** Given records follows **

lemma dist_exec_decreasing:
  assumes exec: "dist_exec f S V G" and stale: "bounded_staleness T S V G"
    and "G 0 = top_state m"
  shows "G (Suc t) \<le> G t"
proof (rule le_funI)
  fix i
  show "G (Suc t) i \<le> G t i"
  proof (cases "i \<in> S t")
    case True
    have "f i (V t i) \<le> V t i"
      using dist_view_above_fixpoints[OF stale True] dist_exec_above_fixpoints[OF assms]
        deflationary_apply_le[OF defl] by blast
    moreover have "V t i i = G t i"
      using stale True unfolding bounded_staleness_def by blast
    ultimately show ?thesis
      using exec True unfolding dist_exec_def by (metis le_funD)
  qed (use exec in \<open>simp add: dist_exec_def\<close>)
qed

text \<open>Staleness is at most T, so from round t0 + T on the view of a scheduled process is
  the stationary state Q itself; by locality, f i Q = Q then only has to be checked at
  coordinate i, the value committed in that round.\<close>

lemma dist_stationary_fixes:
  assumes loc: "local_on (lat m) i (f i)"
    and exec: "dist_exec f S V G" and stale: "bounded_staleness T S V G"
    and Q: "Q \<in> lat m" and const: "\<forall>t\<ge>t0. G t = Q"
    and "t0 + T \<le> t" and "i \<in> S t"
  shows "f i Q = Q"
proof
  fix j
  have "V t i = Q"
  proof
    fix k
    obtain s where "t - T \<le> s" "V t i k = G s k"
      using stale \<open>i \<in> S t\<close> unfolding bounded_staleness_def by blast
    with const \<open>t0 + T \<le> t\<close> show "V t i k = Q k"
      by simp
  qed
  then have "f i Q i = Q i"
    using exec const \<open>t0 + T \<le> t\<close> \<open>i \<in> S t\<close> unfolding dist_exec_def
    by (metis le_SucI le_add1 order_trans)
  then show "f i Q j = Q j"
    using loc Q unfolding local_on_def by (cases "j = i") auto
qed

lemma dist_exec_converges:
  assumes loc: "\<forall>i. local_on (lat m) i (f i)"
    and exec: "dist_exec f S V G" and stale: "bounded_staleness T S V G"
    and "G 0 = top_state m" and "strongly_fair \<tau> S"
  shows "\<exists>P. is_gcfp (lat m) f P \<and> eventually_const_at G P"
proof (rule stationary_limit_is_gcfp)
  show above: "G t \<in> above_fixpoints m f" for t
    using dist_exec_above_fixpoints[OF exec stale \<open>G 0 = top_state m\<close>] .
  show "G (Suc t) \<le> G t" for t
    using dist_exec_decreasing[OF exec stale \<open>G 0 = top_state m\<close>] .
  fix t0 i
  assume "\<forall>t\<ge>t0. G t = G t0"
  moreover obtain t where "t0 + T \<le> t" "i \<in> S t"
    using \<open>strongly_fair \<tau> S\<close> unfolding strongly_fair_def by blast
  moreover have "G t0 \<in> lat m"
    using above by (simp add: above_fixpoints_def)
  ultimately show "f i (G t0) = G t0"
    using dist_stationary_fixes[OF loc[rule_format] exec stale] by blast
qed

end

theorem corollary2:
  fixes m :: nat and f :: "'n::finite \<Rightarrow> ('n \<Rightarrow> nat) \<Rightarrow> ('n \<Rightarrow> nat)"
  assumes maps: "\<forall>i. \<forall>G\<in>lat m. f i G \<in> lat m"
    and mono: "\<forall>i. monotone_on_lat (lat m) (f i)"
    and defl: "\<forall>i. deflationary_on (lat m) (f i)"
  shows "(\<forall>S X rank G. G 0 = top_state m \<and> fair S \<and> nonint_exec f S X rank G \<longrightarrow>
            (\<exists>P. is_gcfp (lat m) f P \<and> eventually_const_at G P))
       \<and> ((\<forall>i. local_on (lat m) i (f i)) \<longrightarrow>
          (\<forall>S V G T \<tau>. G 0 = top_state m \<and> dist_exec f S V G \<and> bounded_staleness T S V G
              \<and> strongly_fair \<tau> S \<longrightarrow>
            (\<exists>P. is_gcfp (lat m) f P \<and> eventually_const_at G P)))"
  using nonint_exec_converges[OF maps mono defl] dist_exec_converges[OF maps mono defl]
  by blast

end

** End of Given records **

(Problem to solve): Print the records above once again, exactly as written.

(Exercise solution):
lemma dist_exec_decreasing:
  assumes exec: "dist_exec f S V G" and stale: "bounded_staleness T S V G"
    and "G 0 = top_state m"
  shows "G (Suc t) \<le> G t"
proof (rule le_funI)
  fix i
  show "G (Suc t) i \<le> G t i"
  proof (cases "i \<in> S t")
    case True
    have "f i (V t i) \<le> V t i"
      using dist_view_above_fixpoints[OF stale True] dist_exec_above_fixpoints[OF assms]
        deflationary_apply_le[OF defl] by blast
    moreover have "V t i i = G t i"
      using stale True unfolding bounded_staleness_def by blast
    ultimately show ?thesis
      using exec True unfolding dist_exec_def by (metis le_funD)
  qed (use exec in \<open>simp add: dist_exec_def\<close>)
qed

text \<open>Staleness is at most T, so from round t0 + T on the view of a scheduled process is
  the stationary state Q itself; by locality, f i Q = Q then only has to be checked at
  coordinate i, the value committed in that round.\<close>

lemma dist_stationary_fixes:
  assumes loc: "local_on (lat m) i (f i)"
    and exec: "dist_exec f S V G" and stale: "bounded_staleness T S V G"
    and Q: "Q \<in> lat m" and const: "\<forall>t\<ge>t0. G t = Q"
    and "t0 + T \<le> t" and "i \<in> S t"
  shows "f i Q = Q"
proof
  fix j
  have "V t i = Q"
  proof
    fix k
    obtain s where "t - T \<le> s" "V t i k = G s k"
      using stale \<open>i \<in> S t\<close> unfolding bounded_staleness_def by blast
    with const \<open>t0 + T \<le> t\<close> show "V t i k = Q k"
      by simp
  qed
  then have "f i Q i = Q i"
    using exec const \<open>t0 + T \<le> t\<close> \<open>i \<in> S t\<close> unfolding dist_exec_def
    by (metis le_SucI le_add1 order_trans)
  then show "f i Q j = Q j"
    using loc Q unfolding local_on_def by (cases "j = i") auto
qed

lemma dist_exec_converges:
  assumes loc: "\<forall>i. local_on (lat m) i (f i)"
    and exec: "dist_exec f S V G" and stale: "bounded_staleness T S V G"
    and "G 0 = top_state m" and "strongly_fair \<tau> S"
  shows "\<exists>P. is_gcfp (lat m) f P \<and> eventually_const_at G P"
proof (rule stationary_limit_is_gcfp)
  show above: "G t \<in> above_fixpoints m f" for t
    using dist_exec_above_fixpoints[OF exec stale \<open>G 0 = top_state m\<close>] .
  show "G (Suc t) \<le> G t" for t
    using dist_exec_decreasing[OF exec stale \<open>G 0 = top_state m\<close>] .
  fix t0 i
  assume "\<forall>t\<ge>t0. G t = G t0"
  moreover obtain t where "t0 + T \<le> t" "i \<in> S t"
    using \<open>strongly_fair \<tau> S\<close> unfolding strongly_fair_def by blast
  moreover have "G t0 \<in> lat m"
    using above by (simp add: above_fixpoints_def)
  ultimately show "f i (G t0) = G t0"
    using dist_stationary_fixes[OF loc[rule_format] exec stale] by blast
qed

end

theorem corollary2:
  fixes m :: nat and f :: "'n::finite \<Rightarrow> ('n \<Rightarrow> nat) \<Rightarrow> ('n \<Rightarrow> nat)"
  assumes maps: "\<forall>i. \<forall>G\<in>lat m. f i G \<in> lat m"
    and mono: "\<forall>i. monotone_on_lat (lat m) (f i)"
    and defl: "\<forall>i. deflationary_on (lat m) (f i)"
  shows "(\<forall>S X rank G. G 0 = top_state m \<and> fair S \<and> nonint_exec f S X rank G \<longrightarrow>
            (\<exists>P. is_gcfp (lat m) f P \<and> eventually_const_at G P))
       \<and> ((\<forall>i. local_on (lat m) i (f i)) \<longrightarrow>
          (\<forall>S V G T \<tau>. G 0 = top_state m \<and> dist_exec f S V G \<and> bounded_staleness T S V G
              \<and> strongly_fair \<tau> S \<longrightarrow>
            (\<exists>P. is_gcfp (lat m) f P \<and> eventually_const_at G P)))"
  using nonint_exec_converges[OF maps mono defl] dist_exec_converges[OF maps mono defl]
  by blast

end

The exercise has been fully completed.